[Dataset entries]
lemma positive_extension_scaleR:
  assumes add: "\<And>x y. 0 \<le> x \<Longrightarrow> 0 \<le> y \<Longrightarrow> P (x + y) = P x + P (y::'a)"
    and scale: "\<And>c x. 0 \<le> x \<Longrightarrow> 0 < c \<Longrightarrow> P (c *\<^sub>R x) = c * P x"
  shows "positive_extension P (r *\<^sub>R x) = r * positive_extension P x"
proof -
  have hom: "positive_extension P (c *\<^sub>R x) = c * positive_extension P x" if "0 < c" for c x
  proof -
    have "c *\<^sub>R x = c *\<^sub>R lat_pos x - c *\<^sub>R lat_neg x"
      by (subst lat_pos_minus_lat_neg[symmetric]) (simp add: scaleR_diff_right)
    then show ?thesis
      using that positive_extension_diff[OF add] scale lat_pos_nonneg lat_neg_nonneg
        ovs.scaleR_left_mono[of 0 _ c]
      by (simp add: positive_extension_def right_diff_distrib)
  qed
  show ?thesis
  proof (cases r "0::real" rule: linorder_cases)
    case less
    then show ?thesis using hom[of "- r" "- x"] positive_extension_uminus[OF add] by simp
  next
    case equal
    have "P 0 = 0" using add[of 0 0] by simp
    then show ?thesis using equal by (simp add: positive_extension_def lat_pos_def lat_neg_def)
  qed (use hom in simp)
qed

lemma norm_positive_extension_le:
  assumes bound: "\<And>x. 0 \<le> x \<Longrightarrow> \<bar>P x\<bar> \<le> B * norm (x::'a)" and "0 \<le> B"
  shows "norm (positive_extension P x) \<le> norm x * (2 * B)"
proof -
  have "norm (positive_extension P x) \<le> \<bar>P (lat_pos x)\<bar> + \<bar>P (lat_neg x)\<bar>"
    unfolding positive_extension_def by simp
  also have "\<dots> \<le> B * norm (lat_pos x) + B * norm (lat_neg x)"
    using bound lat_pos_nonneg lat_neg_nonneg by (intro add_mono) auto
  also have "\<dots> \<le> B * norm x + B * norm x"
    using norm_lat_pos_le norm_lat_neg_le \<open>0 \<le> B\<close> by (intro add_mono mult_left_mono) auto
  finally show ?thesis by (simp add: algebra_simps)
qed

lemma bounded_linear_positive_extension:
  assumes add: "\<And>x y. 0 \<le> x \<Longrightarrow> 0 \<le> y \<Longrightarrow> P (x + y) = P x + P (y::'a)"
    and scale: "\<And>c x. 0 \<le> x \<Longrightarrow> 0 < c \<Longrightarrow> P (c *\<^sub>R x) = c * P x"
    and bound: "\<And>x. 0 \<le> x \<Longrightarrow> \<bar>P x\<bar> \<le> B * norm x" and "0 \<le> B"
  shows "bounded_linear (positive_extension P)"
  using positive_extension_add[OF add] positive_extension_scaleR[OF add scale]
    norm_positive_extension_le[OF bound \<open>0 \<le> B\<close>]
  by (intro bounded_linear_intro) auto

lemma kantorovich_component_apply:
  assumes K: "ideal_cone K" and x: "0 \<le> (x::'a)"
  shows "blinfun_apply (kantorovich_component \<nu> K) x = kantorovich_sup \<nu> K x"
proof -
  have K0: "0 \<in> K" using K by (simp add: ideal_cone_def)
  have add: "\<And>x y. 0 \<le> x \<Longrightarrow> 0 \<le> y \<Longrightarrow>
      kantorovich_sup \<nu> K (x + y) = kantorovich_sup \<nu> K x + kantorovich_sup \<nu> K y"
    using kantorovich_sup_add[OF K] .
  have "bounded_linear (positive_extension (kantorovich_sup \<nu> K))"
  proof (rule bounded_linear_positive_extension[OF add])
    show "kantorovich_sup \<nu> K (c *\<^sub>R x) = c * kantorovich_sup \<nu> K x" if "0 \<le> x" "0 < c" for c x
      using kantorovich_sup_scaleR[OF K that] .
    show "\<bar>kantorovich_sup \<nu> K x\<bar> \<le> norm \<nu> * norm x" if "0 \<le> x" for x
      using kantorovich_sup_nonneg[OF K0 that] kantorovich_sup_le_norm[OF K0 that] by simp
  qed simp_all
  then have "blinfun_apply (kantorovich_component \<nu> K) = positive_extension (kantorovich_sup \<nu> K)"
    unfolding kantorovich_component_def by (rule bounded_linear_Blinfun_apply)
  then show ?thesis using positive_extension_eq[OF add x] by simp
qed

lemma blinfun_eqI_nonneg:
  assumes "\<And>x. 0 \<le> x \<Longrightarrow> blinfun_apply a x = blinfun_apply b (x::'a)"
  shows "a = b"
proof (rule blinfun_eqI)
  fix x :: 'a
  have "blinfun_apply a x = blinfun_apply a (lat_pos x - lat_neg x)"
    by (simp only: lat_pos_minus_lat_neg)
  also have "\<dots> = blinfun_apply b (lat_pos x - lat_neg x)"
    by (simp only: blinfun.diff_right assms lat_pos_nonneg lat_neg_nonneg)
  also have "\<dots> = blinfun_apply b x"
    by (simp only: lat_pos_minus_lat_neg)
  finally show "blinfun_apply a x = blinfun_apply b x" .
qed

lemma dual_le_antisym: "dual_le a b \<Longrightarrow> dual_le b a \<Longrightarrow> a = (b :: 'a \<Rightarrow>\<^sub>L real)"
  unfolding dual_le_def by (intro blinfun_eqI_nonneg) (meson antisym)

lemma dual_nonneg_mono:
  assumes "dual_le 0 f" "y \<le> (x::'a)"
  shows "blinfun_apply f y \<le> blinfun_apply f x"
proof -
  have "0 \<le> x - y" using assms(2) by simp
  then have "0 \<le> blinfun_apply f (x - y)" using assms(1) unfolding dual_le_def by simp
  then show ?thesis by (simp add: blinfun.diff_right)
qed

→ **TASK INSTRUCTIONS**:
Say every entry again, exactly as it reads.

→ **RESPONSE BOX**:
lemma positive_extension_scaleR:
  assumes add: "\<And>x y. 0 \<le> x \<Longrightarrow> 0 \<le> y \<Longrightarrow> P (x + y) = P x + P (y::'a)"
    and scale: "\<And>c x. 0 \<le> x \<Longrightarrow> 0 < c \<Longrightarrow> P (c *\<^sub>R x) = c * P x"
  shows "positive_extension P (r *\<^sub>R x) = r * positive_extension P x"
proof -
  have hom: "positive_extension P (c *\<^sub>R x) = c * positive_extension P x" if "0 < c" for c x
  proof -
    have "c *\<^sub>R x = c *\<^sub>R lat_pos x - c *\<^sub>R lat_neg x"
      by (subst lat_pos_minus_lat_neg[symmetric]) (simp add: scaleR_diff_right)
    then show ?thesis
      using that positive_extension_diff[OF add] scale lat_pos_nonneg lat_neg_nonneg
        ovs.scaleR_left_mono[of 0 _ c]
      by (simp add: positive_extension_def right_diff_distrib)
  qed
  show ?thesis
  proof (cases r "0::real" rule: linorder_cases)
    case less
    then show ?thesis using hom[of "- r" "- x"] positive_extension_uminus[OF add] by simp
  next
    case equal
    have "P 0 = 0" using add[of 0 0] by simp
    then show ?thesis using equal by (simp add: positive_extension_def lat_pos_def lat_neg_def)
  qed (use hom in simp)
qed

lemma norm_positive_extension_le:
  assumes bound: "\<And>x. 0 \<le> x \<Longrightarrow> \<bar>P x\<bar> \<le> B * norm (x::'a)" and "0 \<le> B"
  shows "norm (positive_extension P x) \<le> norm x * (2 * B)"
proof -
  have "norm (positive_extension P x) \<le> \<bar>P (lat_pos x)\<bar> + \<bar>P (lat_neg x)\<bar>"
    unfolding positive_extension_def by simp
  also have "\<dots> \<le> B * norm (lat_pos x) + B * norm (lat_neg x)"
    using bound lat_pos_nonneg lat_neg_nonneg by (intro add_mono) auto
  also have "\<dots> \<le> B * norm x + B * norm x"
    using norm_lat_pos_le norm_lat_neg_le \<open>0 \<le> B\<close> by (intro add_mono mult_left_mono) auto
  finally show ?thesis by (simp add: algebra_simps)
qed

lemma bounded_linear_positive_extension:
  assumes add: "\<And>x y. 0 \<le> x \<Longrightarrow> 0 \<le> y \<Longrightarrow> P (x + y) = P x + P (y::'a)"
    and scale: "\<And>c x. 0 \<le> x \<Longrightarrow> 0 < c \<Longrightarrow> P (c *\<^sub>R x) = c * P x"
    and bound: "\<And>x. 0 \<le> x \<Longrightarrow> \<bar>P x\<bar> \<le> B * norm x" and "0 \<le> B"
  shows "bounded_linear (positive_extension P)"
  using positive_extension_add[OF add] positive_extension_scaleR[OF add scale]
    norm_positive_extension_le[OF bound \<open>0 \<le> B\<close>]
  by (intro bounded_linear_intro) auto

lemma kantorovich_component_apply:
  assumes K: "ideal_cone K" and x: "0 \<le> (x::'a)"
  shows "blinfun_apply (kantorovich_component \<nu> K) x = kantorovich_sup \<nu> K x"
proof -
  have K0: "0 \<in> K" using K by (simp add: ideal_cone_def)
  have add: "\<And>x y. 0 \<le> x \<Longrightarrow> 0 \<le> y \<Longrightarrow>
      kantorovich_sup \<nu> K (x + y) = kantorovich_sup \<nu> K x + kantorovich_sup \<nu> K y"
    using kantorovich_sup_add[OF K] .
  have "bounded_linear (positive_extension (kantorovich_sup \<nu> K))"
  proof (rule bounded_linear_positive_extension[OF add])
    show "kantorovich_sup \<nu> K (c *\<^sub>R x) = c * kantorovich_sup \<nu> K x" if "0 \<le> x" "0 < c" for c x
      using kantorovich_sup_scaleR[OF K that] .
    show "\<bar>kantorovich_sup \<nu> K x\<bar> \<le> norm \<nu> * norm x" if "0 \<le> x" for x
      using kantorovich_sup_nonneg[OF K0 that] kantorovich_sup_le_norm[OF K0 that] by simp
  qed simp_all
  then have "blinfun_apply (kantorovich_component \<nu> K) = positive_extension (kantorovich_sup \<nu> K)"
    unfolding kantorovich_component_def by (rule bounded_linear_Blinfun_apply)
  then show ?thesis using positive_extension_eq[OF add x] by simp
qed

lemma blinfun_eqI_nonneg:
  assumes "\<And>x. 0 \<le> x \<Longrightarrow> blinfun_apply a x = blinfun_apply b (x::'a)"
  shows "a = b"
proof (rule blinfun_eqI)
  fix x :: 'a
  have "blinfun_apply a x = blinfun_apply a (lat_pos x - lat_neg x)"
    by (simp only: lat_pos_minus_lat_neg)
  also have "\<dots> = blinfun_apply b (lat_pos x - lat_neg x)"
    by (simp only: blinfun.diff_right assms lat_pos_nonneg lat_neg_nonneg)
  also have "\<dots> = blinfun_apply b x"
    by (simp only: lat_pos_minus_lat_neg)
  finally show "blinfun_apply a x = blinfun_apply b x" .
qed

lemma dual_le_antisym: "dual_le a b \<Longrightarrow> dual_le b a \<Longrightarrow> a = (b :: 'a \<Rightarrow>\<^sub>L real)"
  unfolding dual_le_def by (intro blinfun_eqI_nonneg) (meson antisym)

lemma dual_nonneg_mono:
  assumes "dual_le 0 f" "y \<le> (x::'a)"
  shows "blinfun_apply f y \<le> blinfun_apply f x"
proof -
  have "0 \<le> x - y" using assms(2) by simp
  then have "0 \<le> blinfun_apply f (x - y)" using assms(1) unfolding dual_le_def by simp
  then show ?thesis by (simp add: blinfun.diff_right)
qed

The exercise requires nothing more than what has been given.